Lately, I’ve had the chance to play a video-game of the horror genre called Kholat (or death).
As you already know, the genre is rather disgusting to me (remember my discussions with my friend Hugo?), but this time I won my reluctance for a specific reason.
This videogame is based on a tragic event that actually happened in 1959 in Russia.
In a mountain pass on the Urals as many as 9 people lost their lives for reasons not yet ascertained.
Soviet investigators said that death was caused “by a force of nature“. the area was forbidden to anyone for three years and the lack of both survivors and witnesses gave rise to the worst fantasies.
After a trip of a few days on cross-country skis the boys, all very young, camped for the night near a pass on a mountain that in local language means “mountain of the dead”. What happened that night we do not know for sure, but Soviet investigators established that in the middle of the night the boys tore their tent from the inside and escaped, only with the underwear on and barefoot, in different directions. With a temperature of minus 30 degrees, a stormy wind and without the slightest chance of seeing anything at night they certainly had no chance of surviving.
Below are the facts established by the investigation:
- six members of the group had died of hypothermia, while the other three due to a combination of hypothermia and fatal trauma;
- there were no traces of the presence of other people in the area or in the surrounding areas;
- the tent had been torn from the inside;
- the victims had died between six and eight hours after eating the last meal;
- the fatal traumas of the three bodies could not have been caused by another human being “because the power of the blows had been too strong and at the same time had not damaged any soft tissue”;
- forensic analysis had shown that the clothes of some of the victims had high levels of radioactive contamination.
The investigation was closed due to the total “absence of offenders“, but the aftermath and controversy that followed went on for years.
In fact, there are those who claim that the metal findings in the vicinity, the fact that there were experiments with the new R-7 war missiles, radioactivity (caused by a source never found) legitimately made us think that the army had a concrete interested in covering everything.
The truth has never been known and probably never will be known.
But a group of programmers made us on a videogame that has also won several industry awards.
Now, I have tried it and after an hour of play I can say that:
- there is not any character who is an evil spirit eager to kill me.
- my avatar is not able to run for more than 10-15 seconds, which means that, if an enemy chases you, you can’t escape.
- my avatar can not even make a little jump, which forces absurd turns to get around a branch.
- the game is reduced to a wander around the mountain looking for diary pages.

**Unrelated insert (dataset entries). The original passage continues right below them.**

theorem coupling_exists_choose_unif_sel:
  assumes "P0 \<subseteq># Q0"
  shows "coupling_exists (\<lambda>x N. choose_unif (sel x N)) I X P0 Q0"
proof -
  define Pts where "Pts = set_mset P0 \<union> set_mset Q0 \<union> range X"
  define R where "R = {(p, q). p \<subseteq># q \<and> set_mset q \<subseteq> Pts}"
  have "R \<subseteq> {M. set_mset M \<subseteq> Pts} \<times> {M. set_mset M \<subseteq> Pts}"
    by (auto simp: R_def dest: mset_subset_eqD)
  moreover have "countable Pts" by (simp add: Pts_def countable_finite)
  ultimately have "countable R"
    by (elim countable_subset) (intro countable_SIGMA countable_multisets_over)
  moreover have "(P0, Q0) \<in> R" using assms by (auto simp: R_def Pts_def)
  moreover have "set_pmf (coupled_step (I n) (X n) s) \<subseteq> R" if "s \<in> R" for n s
  proof (clarify)
    fix p' q' assume step: "(p', q') \<in> set_pmf (coupled_step (I n) (X n) s)"
    obtain p q where s: "s = (p, q)" "p \<subseteq># q" "set_mset q \<subseteq> Pts"
      using \<open>s \<in> R\<close> by (auto simp: R_def)
    have "p' \<subseteq># q'" using coupled_step_subseteq step s by simp
    moreover have "set_mset q' \<subseteq> Pts"
      using coupled_step_set_mset step s by (fastforce simp: Pts_def)
    ultimately show "(p', q') \<in> R" by (simp add: R_def)
  qed
  ultimately show ?thesis
    by (rule coupling_existsI) (auto simp: R_def map_fst_coupled_step map_snd_coupled_step)
qed

end

theorem mainTheorem2:
  fixes H :: "'a::metric_space set" and P0 Q0 :: "'a multiset"
    and i :: "nat \<Rightarrow> sgn" and x :: "nat \<Rightarrow> 'a"
    and H' :: "(real^'d) set" and P0' Q0' :: "(real^'d) multiset"
    and x' :: "nat \<Rightarrow> real^'d"
  shows
   "(compact H \<and> set_mset P0 \<subseteq> H \<and> set_mset Q0 \<subseteq> H \<and> (\<forall>n. x n \<in> H) \<and> abs_le P0 Q0
       \<longrightarrow> coupling_exists kill_LG i x P0 Q0 \<and> coupling_exists kill_LR i x P0 Q0)
    \<and> (compact H' \<and> set_mset P0' \<subseteq> H' \<and> set_mset Q0' \<subseteq> H' \<and> (\<forall>n. x' n \<in> H') \<and> abs_le P0' Q0'
       \<longrightarrow> coupling_exists kill_LO i x' P0' Q0')"
proof (intro conjI impI)
  assume "compact H \<and> set_mset P0 \<subseteq> H \<and> set_mset Q0 \<subseteq> H \<and> (\<forall>n. x n \<in> H) \<and> abs_le P0 Q0"
  then have PQ: "P0 \<subseteq># Q0" by (simp add: abs_le_iff_subseteq_mset)
  have LG: "monotone_selection (\<lambda>x N. closest x (cand_ball x N))"
    by (rule monotone_selection_closest[OF monotone_selection_cand_ball cand_ball_mono])
  show "coupling_exists kill_LG i x P0 Q0"
    using monotone_selection.coupling_exists_choose_unif_sel[OF LG PQ]
    by (simp add: kill_LG_def[abs_def])
  show "coupling_exists kill_LR i x P0 Q0"
    using monotone_selection.coupling_exists_choose_unif_sel[OF monotone_selection_cand_ball PQ]
    by (simp add: kill_LR_def[abs_def])
next
  assume "compact H' \<and> set_mset P0' \<subseteq> H' \<and> set_mset Q0' \<subseteq> H' \<and> (\<forall>n. x' n \<in> H') \<and> abs_le P0' Q0'"
  then have PQ: "P0' \<subseteq># Q0'" by (simp add: abs_le_iff_subseteq_mset)
  have orthant_mono: "p \<subseteq># q \<Longrightarrow> {y \<in> cand_ball x p. \<forall>k. x $ k \<le> y $ k} \<subseteq> {y \<in> cand_ball x q. \<forall>k. x $ k \<le> y $ k}"
    for x :: "real^'d" and p q
    using cand_ball_mono by blast
  have LO: "monotone_selection (\<lambda>(x :: real^'d) N. closest x {y \<in> cand_ball x N. \<forall>k. x $ k \<le> y $ k})"
    using monotone_selection_closest[OF monotone_selection_orthant orthant_mono] by simp
  show "coupling_exists kill_LO i x' P0' Q0'"
    using monotone_selection.coupling_exists_choose_unif_sel[OF LO PQ]
    by (simp add: kill_LO_def[abs_def])
qed

end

- you don’t have a single indication of where you are, the map is in your hand, but you have to go to intuition to understand what to do.
- you can also play for 10 hours in a row, but if you don’t reach a camp (always empty) you can’t save the game and then you lose all the progress made.
- there is no possibility of defeating the enemies beacuse there is no weapon.
In practice I would call it a “simulator of walks on snowy mountains” and nothing more.
A tragic event was used to create a videogame, but the tragedy in question was not a common thing.
His aura of mystery about the fate of those boys, the latent radioactivity, the tent slashed from the inside to escape from no one knows what… everything contributed to making the incident an event even after decades.
And on this tragic event a group of Polish programmers made money with a product that is not even that great.
Everything, I would say, once again confirms my theories about horror.